(* Let $A$ be a subring of a prime ring $B$ that is left or right Goldie, and let $t$ be the Goldie rank of $B$. Let $N$ be the prime radical of $A$. Then $N^t=0$.
   Context: The prime radical of a ring is the intersection of its prime ideals. The Goldie rank of a prime left (or right) Goldie ring is the length of its (simple artinian) Goldie quotient ring as a module over itself. *)

theory Defs
  imports "HOL-Algebra.Algebra"
begin

definition opp_ring :: "('a, 'b) ring_scheme \<Rightarrow> ('a, 'b) ring_scheme" where
  "opp_ring R = R\<lparr>mult := (\<lambda>x y. y \<otimes>\<^bsub>R\<^esub> x)\<rparr>"

definition left_ideal :: "'a set \<Rightarrow> ('a, 'b) ring_scheme \<Rightarrow> bool" where
  "left_ideal I R \<longleftrightarrow> additive_subgroup I R \<and>
     (\<forall>r\<in>carrier R. \<forall>a\<in>I. r \<otimes>\<^bsub>R\<^esub> a \<in> I)"

text \<open>Prime ideal of a (not necessarily commutative) ring: a proper ideal P such that
  IJ \<subseteq> P implies I \<subseteq> P or J \<subseteq> P for ideals I, J (IJ \<subseteq> P iff all products lie in P).\<close>
definition nc_prime_ideal :: "('a, 'b) ring_scheme \<Rightarrow> 'a set \<Rightarrow> bool" where
  "nc_prime_ideal R P \<longleftrightarrow> ideal P R \<and> P \<noteq> carrier R \<and>
     (\<forall>I J. ideal I R \<longrightarrow> ideal J R \<longrightarrow> (\<forall>i\<in>I. \<forall>j\<in>J. i \<otimes>\<^bsub>R\<^esub> j \<in> P)
        \<longrightarrow> I \<subseteq> P \<or> J \<subseteq> P)"

definition prime_ring :: "('a, 'b) ring_scheme \<Rightarrow> bool" where
  "prime_ring R \<longleftrightarrow> ring R \<and> nc_prime_ideal R {\<zero>\<^bsub>R\<^esub>}"

definition prime_radical :: "('a, 'b) ring_scheme \<Rightarrow> 'a set" where
  "prime_radical R = carrier R \<inter> \<Inter>{P. nc_prime_ideal R P}"

definition left_annihilator :: "('a, 'b) ring_scheme \<Rightarrow> 'a set \<Rightarrow> 'a set" where
  "left_annihilator R S = {r. r \<in> carrier R \<and> (\<forall>y\<in>S. r \<otimes>\<^bsub>R\<^esub> y = \<zero>\<^bsub>R\<^esub>)}"

text \<open>Left Goldie: ACC on left annihilators and no infinite direct sum of nonzero left ideals.\<close>
definition left_goldie :: "('a, 'b) ring_scheme \<Rightarrow> bool" where
  "left_goldie R \<longleftrightarrow> ring R \<and>
     \<not> (\<exists>(Y::nat \<Rightarrow> 'a set). (\<forall>n. Y n \<subseteq> carrier R) \<and>
          (\<forall>n. left_annihilator R (Y n) \<subset> left_annihilator R (Y (Suc n)))) \<and>
     \<not> (\<exists>(L::nat \<Rightarrow> 'a set). (\<forall>n. left_ideal (L n) R \<and> L n \<noteq> {\<zero>\<^bsub>R\<^esub>}) \<and>
          (\<forall>n x. (\<forall>i\<le>n. x i \<in> L i) \<longrightarrow> finsum R x {..n} = \<zero>\<^bsub>R\<^esub> \<longrightarrow>
                 (\<forall>i\<le>n. x i = \<zero>\<^bsub>R\<^esub>)))"

definition right_goldie :: "('a, 'b) ring_scheme \<Rightarrow> bool" where
  "right_goldie R \<longleftrightarrow> left_goldie (opp_ring R)"

definition regular_elem :: "('a, 'b) ring_scheme \<Rightarrow> 'a \<Rightarrow> bool" where
  "regular_elem R s \<longleftrightarrow> s \<in> carrier R \<and>
     (\<forall>x\<in>carrier R. s \<otimes>\<^bsub>R\<^esub> x = \<zero>\<^bsub>R\<^esub> \<longrightarrow> x = \<zero>\<^bsub>R\<^esub>) \<and>
     (\<forall>x\<in>carrier R. x \<otimes>\<^bsub>R\<^esub> s = \<zero>\<^bsub>R\<^esub> \<longrightarrow> x = \<zero>\<^bsub>R\<^esub>)"

definition classical_left_quotient ::
  "('a, 'b) ring_scheme \<Rightarrow> ('q, 'c) ring_scheme \<Rightarrow> ('a \<Rightarrow> 'q) \<Rightarrow> bool" where
  "classical_left_quotient R Q phi \<longleftrightarrow> ring R \<and> ring Q \<and> phi \<in> ring_hom R Q \<and>
     inj_on phi (carrier R) \<and>
     (\<forall>s. regular_elem R s \<longrightarrow> phi s \<in> Units Q) \<and>
     (\<forall>q\<in>carrier Q. \<exists>s a. regular_elem R s \<and> a \<in> carrier R \<and>
        q = inv\<^bsub>Q\<^esub> (phi s) \<otimes>\<^bsub>Q\<^esub> phi a)"

definition classical_right_quotient ::
  "('a, 'b) ring_scheme \<Rightarrow> ('q, 'c) ring_scheme \<Rightarrow> ('a \<Rightarrow> 'q) \<Rightarrow> bool" where
  "classical_right_quotient R Q phi \<longleftrightarrow> classical_left_quotient (opp_ring R) (opp_ring Q) phi"

text \<open>Length n of R as a left module over itself (submodules = left ideals): there is a strictly
  increasing chain of left ideals of length n and none of length n+1.\<close>
definition left_length :: "('a, 'b) ring_scheme \<Rightarrow> nat \<Rightarrow> bool" where
  "left_length R n \<longleftrightarrow>
     (\<exists>(L::nat \<Rightarrow> 'a set). (\<forall>i\<le>n. left_ideal (L i) R) \<and> (\<forall>i<n. L i \<subset> L (Suc i))) \<and>
     \<not> (\<exists>(L::nat \<Rightarrow> 'a set). (\<forall>i\<le>Suc n. left_ideal (L i) R) \<and> (\<forall>i<Suc n. L i \<subset> L (Suc i)))"

definition right_length :: "('a, 'b) ring_scheme \<Rightarrow> nat \<Rightarrow> bool" where
  "right_length R n \<longleftrightarrow> left_length (opp_ring R) n"

end

theory Submission
  imports Defs
begin

(* The prime radical of any ring is locally nilpotent: if a finite subset S of it had
   S^m \<noteq> 0 for every m, Zorn's lemma would give an ideal maximal among those containing no
   power S^m; such an ideal is prime, yet it cannot contain S.  Hence the entries of a word of
   length t in the prime radical of A form a finite set S with S^m = 0.  In the quotient ring Q
   the left annihilators of S^0, S^1, S^2, ... form an ascending chain of left ideals which, once
   it stops growing, is constant; it reaches Q at step m, so if S^t \<noteq> 0 it grows strictly for
   t + 1 steps, which is impossible in a ring of length t. *)

definition products_of_length :: "('a, 'b) monoid_scheme \<Rightarrow> 'a set \<Rightarrow> nat \<Rightarrow> 'a set" where
  "products_of_length M S k = (\<lambda>xs. foldr (\<otimes>\<^bsub>M\<^esub>) xs \<one>\<^bsub>M\<^esub>) ` {xs. length xs = k \<and> set xs \<subseteq> S}"

lemma (in monoid) multlist_append:
  assumes "set xs \<subseteq> carrier G" "set ys \<subseteq> carrier G"
  shows "foldr (\<otimes>) (xs @ ys) \<one> = foldr (\<otimes>) xs \<one> \<otimes> foldr (\<otimes>) ys \<one>"
  using assms(1) by (induction xs) (simp_all add: assms(2) m_assoc)

lemma (in monoid) products_of_length_0: "products_of_length G S 0 = {\<one>}"
  by (auto simp: products_of_length_def)

lemma (in monoid) products_of_length_1:
  assumes "S \<subseteq> carrier G"
  shows "products_of_length G S 1 = S"
  using assms by (force simp: products_of_length_def length_Suc_conv)

lemma (in monoid) products_of_length_closed:
  "S \<subseteq> carrier G \<Longrightarrow> products_of_length G S k \<subseteq> carrier G"
  by (auto simp: products_of_length_def)

lemma finite_products_of_length: "finite S \<Longrightarrow> finite (products_of_length M S k)"
  unfolding products_of_length_def
  using finite_lists_length_eq[of S k] by (simp add: conj_commute)

lemma (in monoid) products_of_length_add:
  assumes S: "S \<subseteq> carrier G"
  shows "products_of_length G S (m + n) = products_of_length G S m <#> products_of_length G S n"
proof (intro equalityI subsetI)
  fix p assume "p \<in> products_of_length G S (m + n)"
  then obtain xs where xs: "length xs = m + n" "set xs \<subseteq> S" "p = foldr (\<otimes>) xs \<one>"
    by (auto simp: products_of_length_def)
  have take: "set (take m xs) \<subseteq> S" and drop: "set (drop m xs) \<subseteq> S"
    using xs(2) by (auto dest: in_set_takeD in_set_dropD)
  have "p = foldr (\<otimes>) (take m xs) \<one> \<otimes> foldr (\<otimes>) (drop m xs) \<one>"
    using xs(3) take drop S multlist_append by (metis append_take_drop_id order_trans)
  moreover have "length (take m xs) = m" "length (drop m xs) = n" using xs(1) by simp_all
  ultimately show "p \<in> products_of_length G S m <#> products_of_length G S n"
    using take drop unfolding set_mult_def products_of_length_def by blast
next
  fix p assume "p \<in> products_of_length G S m <#> products_of_length G S n"
  then obtain xs ys where "length xs = m" "set xs \<subseteq> S" "length ys = n" "set ys \<subseteq> S"
    and "p = foldr (\<otimes>) xs \<one> \<otimes> foldr (\<otimes>) ys \<one>"
    unfolding set_mult_def products_of_length_def by blast
  moreover have "p = foldr (\<otimes>) (xs @ ys) \<one>"
    using S \<open>set xs \<subseteq> S\<close> \<open>set ys \<subseteq> S\<close> \<open>p = _\<close> multlist_append[of xs ys]
    by (metis order_trans)
  ultimately show "p \<in> products_of_length G S (m + n)"
    unfolding products_of_length_def by (intro image_eqI[of _ _ "xs @ ys"]) simp_all
qed

lemma products_of_length_ring_hom:
  assumes "monoid R" "h \<in> ring_hom R Q" "S \<subseteq> carrier R"
  shows "products_of_length Q (h ` S) k = h ` products_of_length R S k"
proof -
  let ?W = "\<lambda>T. {xs. length xs = k \<and> set xs \<subseteq> T}"
  have hom_multlist: "foldr (\<otimes>\<^bsub>Q\<^esub>) (map h xs) \<one>\<^bsub>Q\<^esub> = h (foldr (\<otimes>\<^bsub>R\<^esub>) xs \<one>\<^bsub>R\<^esub>)"
    if "set xs \<subseteq> carrier R" for xs
    using that
  proof (induction xs)
    case (Cons x xs)
    then show ?case
      using assms(2) by (simp add: ring_hom_mult monoid.multlist_closed[OF assms(1)])
  qed (simp add: ring_hom_one[OF assms(2)])
  have "?W (h ` S) = map h ` ?W S"
  proof (intro equalityI subsetI)
    fix ys assume ys: "ys \<in> ?W (h ` S)"
    then have "ys \<in> map h ` lists S"
      unfolding lists_image[symmetric] by (auto intro: in_listsI)
    with ys show "ys \<in> map h ` ?W S" by (auto simp: lists_eq_set)
  qed (clarsimp simp: image_mono)
  then have "products_of_length Q (h ` S) k = (\<lambda>xs. foldr (\<otimes>\<^bsub>Q\<^esub>) (map h xs) \<one>\<^bsub>Q\<^esub>) ` ?W S"
    unfolding products_of_length_def by (simp add: image_image)
  also have "\<dots> = (\<lambda>xs. h (foldr (\<otimes>\<^bsub>R\<^esub>) xs \<one>\<^bsub>R\<^esub>)) ` ?W S"
    using assms(3) hom_multlist by (intro image_cong) auto
  finally show ?thesis
    unfolding products_of_length_def by (simp add: image_image)
qed

lemma products_of_length_opp_ring:
  assumes "monoid R" "S \<subseteq> carrier R"
  shows "products_of_length (opp_ring R) S k = products_of_length R S k"
proof -
  let ?W = "{xs. length xs = k \<and> set xs \<subseteq> S}"
  have opp_multlist: "foldr (\<otimes>\<^bsub>opp_ring R\<^esub>) xs \<one>\<^bsub>opp_ring R\<^esub> = foldr (\<otimes>\<^bsub>R\<^esub>) (rev xs) \<one>\<^bsub>R\<^esub>"
    if "set xs \<subseteq> carrier R" for xs
    using that
  proof (induction xs)
    case (Cons x xs)
    then show ?case
      using monoid.multlist_append[OF assms(1), of "rev xs" "[x]"]
      by (simp add: opp_ring_def monoid.r_one[OF assms(1)])
  qed (simp add: opp_ring_def)
  have "products_of_length (opp_ring R) S k = (\<lambda>xs. foldr (\<otimes>\<^bsub>R\<^esub>) (rev xs) \<one>\<^bsub>R\<^esub>) ` ?W"
    unfolding products_of_length_def using assms(2) opp_multlist by (intro image_cong) auto
  also have "\<dots> = (\<lambda>xs. foldr (\<otimes>\<^bsub>R\<^esub>) xs \<one>\<^bsub>R\<^esub>) ` (rev ` ?W)"
    by (simp add: image_image)
  also have "rev ` ?W = ?W"
    by (force intro: image_eqI[of _ rev "rev _"])
  finally show ?thesis
    unfolding products_of_length_def .
qed

definition products_avoid :: "('a, 'b) monoid_scheme \<Rightarrow> 'a set \<Rightarrow> 'a set \<Rightarrow> bool" where
  "products_avoid M S I \<longleftrightarrow> (\<forall>m. \<not> products_of_length M S m \<subseteq> I)"

lemma (in ring) set_mult_add_ideals_subset:
  assumes I: "ideal I R" and J: "ideal J R" and P: "ideal P R"
    and prod: "\<forall>i\<in>I. \<forall>j\<in>J. i \<otimes> j \<in> P"
  shows "(I <+> P) <#> (J <+> P) \<subseteq> P"
proof
  fix x assume "x \<in> (I <+> P) <#> (J <+> P)"
  then obtain i p j q where ipjq: "i \<in> I" "p \<in> P" "j \<in> J" "q \<in> P"
    and x: "x = (i \<oplus> p) \<otimes> (j \<oplus> q)"
    unfolding set_mult_def set_add_def' by blast
  then have carr: "i \<in> carrier R" "p \<in> carrier R" "j \<in> carrier R" "q \<in> carrier R"
    using I J P by (auto dest: ideal.Icarr)
  have "x = (i \<otimes> j \<oplus> p \<otimes> j) \<oplus> (i \<otimes> q \<oplus> p \<otimes> q)"
    using carr by (simp add: x l_distr r_distr)
  moreover have "i \<otimes> j \<in> P" "p \<otimes> j \<in> P" "i \<otimes> q \<in> P" "p \<otimes> q \<in> P"
    using ipjq carr prod ideal.I_l_closed[OF P] ideal.I_r_closed[OF P] by auto
  ultimately show "x \<in> P"
    using additive_subgroup.a_closed[OF ideal.axioms(1)[OF P]] by simp
qed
◆ ◆ ◆ ◆ ◆ ◆ ◆
Exercise brief:
Search the entries for the string "lemma" and copy each line where it occurs.

Exercise result:
   S^m \<noteq> 0 for every m, Zorn's lemma would give an ideal maximal among those containing no
lemma (in monoid) multlist_append:
lemma (in monoid) products_of_length_0: "products_of_length G S 0 = {\<one>}"
lemma (in monoid) products_of_length_1:
lemma (in monoid) products_of_length_closed:
lemma finite_products_of_length: "finite S \<Longrightarrow> finite (products_of_length M S k)"
lemma (in monoid) products_of_length_add:
lemma products_of_length_ring_hom:
lemma products_of_length_opp_ring:
lemma (in ring) set_mult_add_ideals_subset:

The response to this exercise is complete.